WHAT TO WORK ON: Everything from the line containing "x)\<bar> = r" down to the last line of the entries below must be transcribed exactly, and nothing else.

-------- DATA PROVIDED --------

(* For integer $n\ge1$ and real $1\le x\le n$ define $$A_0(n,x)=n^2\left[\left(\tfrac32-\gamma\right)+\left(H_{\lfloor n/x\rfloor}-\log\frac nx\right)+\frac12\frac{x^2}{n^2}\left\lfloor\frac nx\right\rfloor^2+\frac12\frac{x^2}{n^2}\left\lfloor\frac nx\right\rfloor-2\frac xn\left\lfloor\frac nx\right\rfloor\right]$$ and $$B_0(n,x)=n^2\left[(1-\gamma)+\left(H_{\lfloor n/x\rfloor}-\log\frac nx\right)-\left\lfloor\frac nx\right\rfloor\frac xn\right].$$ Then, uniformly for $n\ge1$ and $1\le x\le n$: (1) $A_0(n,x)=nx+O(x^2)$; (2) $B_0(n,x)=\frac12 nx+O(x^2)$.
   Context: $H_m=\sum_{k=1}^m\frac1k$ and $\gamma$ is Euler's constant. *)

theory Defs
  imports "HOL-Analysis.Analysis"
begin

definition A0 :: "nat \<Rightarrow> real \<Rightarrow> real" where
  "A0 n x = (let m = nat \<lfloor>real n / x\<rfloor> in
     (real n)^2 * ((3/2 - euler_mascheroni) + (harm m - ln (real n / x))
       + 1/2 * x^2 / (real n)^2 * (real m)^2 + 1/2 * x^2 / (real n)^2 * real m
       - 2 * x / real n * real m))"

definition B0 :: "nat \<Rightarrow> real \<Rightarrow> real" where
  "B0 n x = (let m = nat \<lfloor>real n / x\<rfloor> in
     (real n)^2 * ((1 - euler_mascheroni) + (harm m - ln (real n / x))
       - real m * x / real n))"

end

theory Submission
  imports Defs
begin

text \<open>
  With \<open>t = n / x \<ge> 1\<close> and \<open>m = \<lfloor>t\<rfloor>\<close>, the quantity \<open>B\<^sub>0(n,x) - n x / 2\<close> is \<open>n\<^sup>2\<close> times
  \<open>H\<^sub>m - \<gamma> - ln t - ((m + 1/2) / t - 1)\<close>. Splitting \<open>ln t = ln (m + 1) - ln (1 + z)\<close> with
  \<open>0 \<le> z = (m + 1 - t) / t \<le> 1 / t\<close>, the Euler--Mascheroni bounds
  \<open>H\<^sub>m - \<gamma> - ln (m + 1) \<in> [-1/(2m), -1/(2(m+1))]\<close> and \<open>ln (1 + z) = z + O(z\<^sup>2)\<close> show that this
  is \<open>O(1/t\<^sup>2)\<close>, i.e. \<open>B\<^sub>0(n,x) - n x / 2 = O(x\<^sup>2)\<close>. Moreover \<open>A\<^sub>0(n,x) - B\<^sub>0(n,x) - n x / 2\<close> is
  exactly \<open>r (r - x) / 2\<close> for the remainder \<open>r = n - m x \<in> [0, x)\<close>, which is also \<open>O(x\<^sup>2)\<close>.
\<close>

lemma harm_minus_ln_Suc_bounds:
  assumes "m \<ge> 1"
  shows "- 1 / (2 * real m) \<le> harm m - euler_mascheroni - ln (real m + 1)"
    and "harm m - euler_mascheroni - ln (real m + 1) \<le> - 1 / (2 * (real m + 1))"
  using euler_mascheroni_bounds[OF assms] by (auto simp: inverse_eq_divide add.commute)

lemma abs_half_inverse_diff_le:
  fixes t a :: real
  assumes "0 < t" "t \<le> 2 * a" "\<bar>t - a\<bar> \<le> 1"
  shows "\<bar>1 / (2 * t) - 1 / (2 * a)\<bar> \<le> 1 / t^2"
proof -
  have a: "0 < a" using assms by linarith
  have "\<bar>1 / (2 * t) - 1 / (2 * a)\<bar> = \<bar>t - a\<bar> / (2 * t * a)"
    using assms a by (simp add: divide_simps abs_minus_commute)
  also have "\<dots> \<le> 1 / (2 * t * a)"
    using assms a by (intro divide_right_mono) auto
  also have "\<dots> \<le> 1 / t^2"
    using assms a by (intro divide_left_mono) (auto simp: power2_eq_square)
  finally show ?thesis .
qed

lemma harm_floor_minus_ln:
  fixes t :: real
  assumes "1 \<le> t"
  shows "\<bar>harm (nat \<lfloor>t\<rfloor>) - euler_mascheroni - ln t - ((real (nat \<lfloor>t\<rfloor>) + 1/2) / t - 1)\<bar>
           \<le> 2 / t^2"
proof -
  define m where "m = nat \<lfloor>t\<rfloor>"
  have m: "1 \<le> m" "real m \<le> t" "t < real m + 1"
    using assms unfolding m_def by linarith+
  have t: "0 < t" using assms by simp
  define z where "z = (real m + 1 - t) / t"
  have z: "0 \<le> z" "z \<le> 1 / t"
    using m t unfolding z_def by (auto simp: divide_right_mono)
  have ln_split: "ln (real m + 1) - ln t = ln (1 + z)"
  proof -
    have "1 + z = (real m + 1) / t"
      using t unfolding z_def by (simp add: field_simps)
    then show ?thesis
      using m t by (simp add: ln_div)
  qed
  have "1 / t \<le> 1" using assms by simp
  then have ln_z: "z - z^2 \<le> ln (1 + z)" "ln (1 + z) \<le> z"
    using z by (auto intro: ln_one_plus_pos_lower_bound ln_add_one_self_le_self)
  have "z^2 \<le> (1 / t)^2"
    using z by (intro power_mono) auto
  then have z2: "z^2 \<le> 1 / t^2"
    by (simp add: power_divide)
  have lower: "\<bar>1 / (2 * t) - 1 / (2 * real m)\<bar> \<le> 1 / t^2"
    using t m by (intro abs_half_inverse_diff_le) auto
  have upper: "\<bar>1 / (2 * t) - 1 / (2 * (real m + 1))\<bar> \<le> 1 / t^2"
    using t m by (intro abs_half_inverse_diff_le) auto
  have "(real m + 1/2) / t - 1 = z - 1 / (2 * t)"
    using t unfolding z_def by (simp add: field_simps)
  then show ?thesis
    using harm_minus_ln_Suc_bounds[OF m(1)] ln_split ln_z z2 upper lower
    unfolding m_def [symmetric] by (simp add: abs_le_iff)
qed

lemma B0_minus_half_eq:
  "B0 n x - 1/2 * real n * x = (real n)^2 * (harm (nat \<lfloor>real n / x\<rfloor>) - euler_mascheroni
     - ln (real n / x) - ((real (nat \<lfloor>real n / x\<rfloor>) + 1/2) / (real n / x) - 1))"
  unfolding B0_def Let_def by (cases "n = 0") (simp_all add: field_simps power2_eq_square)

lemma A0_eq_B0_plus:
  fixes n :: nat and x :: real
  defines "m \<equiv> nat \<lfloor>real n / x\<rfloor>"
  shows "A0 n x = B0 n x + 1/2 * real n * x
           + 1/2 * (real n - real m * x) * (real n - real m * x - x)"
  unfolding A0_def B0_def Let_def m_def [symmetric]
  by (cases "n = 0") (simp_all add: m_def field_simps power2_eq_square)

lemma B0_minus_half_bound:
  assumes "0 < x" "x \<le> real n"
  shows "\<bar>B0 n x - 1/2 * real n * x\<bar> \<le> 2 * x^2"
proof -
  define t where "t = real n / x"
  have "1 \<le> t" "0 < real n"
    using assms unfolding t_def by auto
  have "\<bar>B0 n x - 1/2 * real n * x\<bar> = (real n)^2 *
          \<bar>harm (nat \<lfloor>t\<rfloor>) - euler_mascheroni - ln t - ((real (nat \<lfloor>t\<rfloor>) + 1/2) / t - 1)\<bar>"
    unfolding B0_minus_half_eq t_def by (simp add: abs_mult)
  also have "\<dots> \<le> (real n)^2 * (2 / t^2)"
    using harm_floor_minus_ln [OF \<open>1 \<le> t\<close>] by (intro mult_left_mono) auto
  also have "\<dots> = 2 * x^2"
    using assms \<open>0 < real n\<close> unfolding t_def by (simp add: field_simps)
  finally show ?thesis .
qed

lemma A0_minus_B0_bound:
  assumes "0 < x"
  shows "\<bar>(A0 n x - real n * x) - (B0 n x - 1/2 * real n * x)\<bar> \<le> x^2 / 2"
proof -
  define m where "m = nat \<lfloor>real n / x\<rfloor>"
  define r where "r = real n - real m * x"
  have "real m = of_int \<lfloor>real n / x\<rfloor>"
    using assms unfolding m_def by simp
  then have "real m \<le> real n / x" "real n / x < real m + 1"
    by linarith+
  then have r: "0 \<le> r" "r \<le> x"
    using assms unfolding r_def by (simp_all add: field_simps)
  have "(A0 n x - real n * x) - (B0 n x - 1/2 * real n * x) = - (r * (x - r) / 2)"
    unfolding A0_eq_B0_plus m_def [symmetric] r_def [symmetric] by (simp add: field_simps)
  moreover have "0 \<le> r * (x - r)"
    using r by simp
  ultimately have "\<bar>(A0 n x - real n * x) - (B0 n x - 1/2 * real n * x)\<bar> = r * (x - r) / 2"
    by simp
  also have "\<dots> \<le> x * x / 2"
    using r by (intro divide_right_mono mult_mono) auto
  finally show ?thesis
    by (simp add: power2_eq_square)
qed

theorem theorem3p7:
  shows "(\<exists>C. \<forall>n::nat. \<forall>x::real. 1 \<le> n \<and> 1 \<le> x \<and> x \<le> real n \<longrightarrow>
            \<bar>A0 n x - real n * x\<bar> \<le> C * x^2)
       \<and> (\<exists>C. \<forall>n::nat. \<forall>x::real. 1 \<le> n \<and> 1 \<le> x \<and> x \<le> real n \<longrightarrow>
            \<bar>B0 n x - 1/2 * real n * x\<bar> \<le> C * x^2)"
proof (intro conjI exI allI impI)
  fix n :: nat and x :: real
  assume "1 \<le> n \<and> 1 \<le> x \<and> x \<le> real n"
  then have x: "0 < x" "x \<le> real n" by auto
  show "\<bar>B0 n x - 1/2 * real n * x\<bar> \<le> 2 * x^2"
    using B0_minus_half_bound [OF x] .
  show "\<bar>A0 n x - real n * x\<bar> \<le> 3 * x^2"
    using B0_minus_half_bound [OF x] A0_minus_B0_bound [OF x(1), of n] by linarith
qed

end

--------

EXERCISE SOLUTION:
  ultimately have "\<bar>(A0 n x - real n * x) - (B0 n x - 1/2 * real n * x)\<bar> = r * (x - r) / 2"
    by simp
  also have "\<dots> \<le> x * x / 2"
    using r by (intro divide_right_mono mult_mono) auto
  finally show ?thesis
    by (simp add: power2_eq_square)
qed

theorem theorem3p7:
  shows "(\<exists>C. \<forall>n::nat. \<forall>x::real. 1 \<le> n \<and> 1 \<le> x \<and> x \<le> real n \<longrightarrow>
            \<bar>A0 n x - real n * x\<bar> \<le> C * x^2)
       \<and> (\<exists>C. \<forall>n::nat. \<forall>x::real. 1 \<le> n \<and> 1 \<le> x \<and> x \<le> real n \<longrightarrow>
            \<bar>B0 n x - 1/2 * real n * x\<bar> \<le> C * x^2)"
proof (intro conjI exI allI impI)
  fix n :: nat and x :: real
  assume "1 \<le> n \<and> 1 \<le> x \<and> x \<le> real n"
  then have x: "0 < x" "x \<le> real n" by auto
  show "\<bar>B0 n x - 1/2 * real n * x\<bar> \<le> 2 * x^2"
    using B0_minus_half_bound [OF x] .
  show "\<bar>A0 n x - real n * x\<bar> \<le> 3 * x^2"
    using B0_minus_half_bound [OF x] A0_minus_B0_bound [OF x(1), of n] by linarith
qed

end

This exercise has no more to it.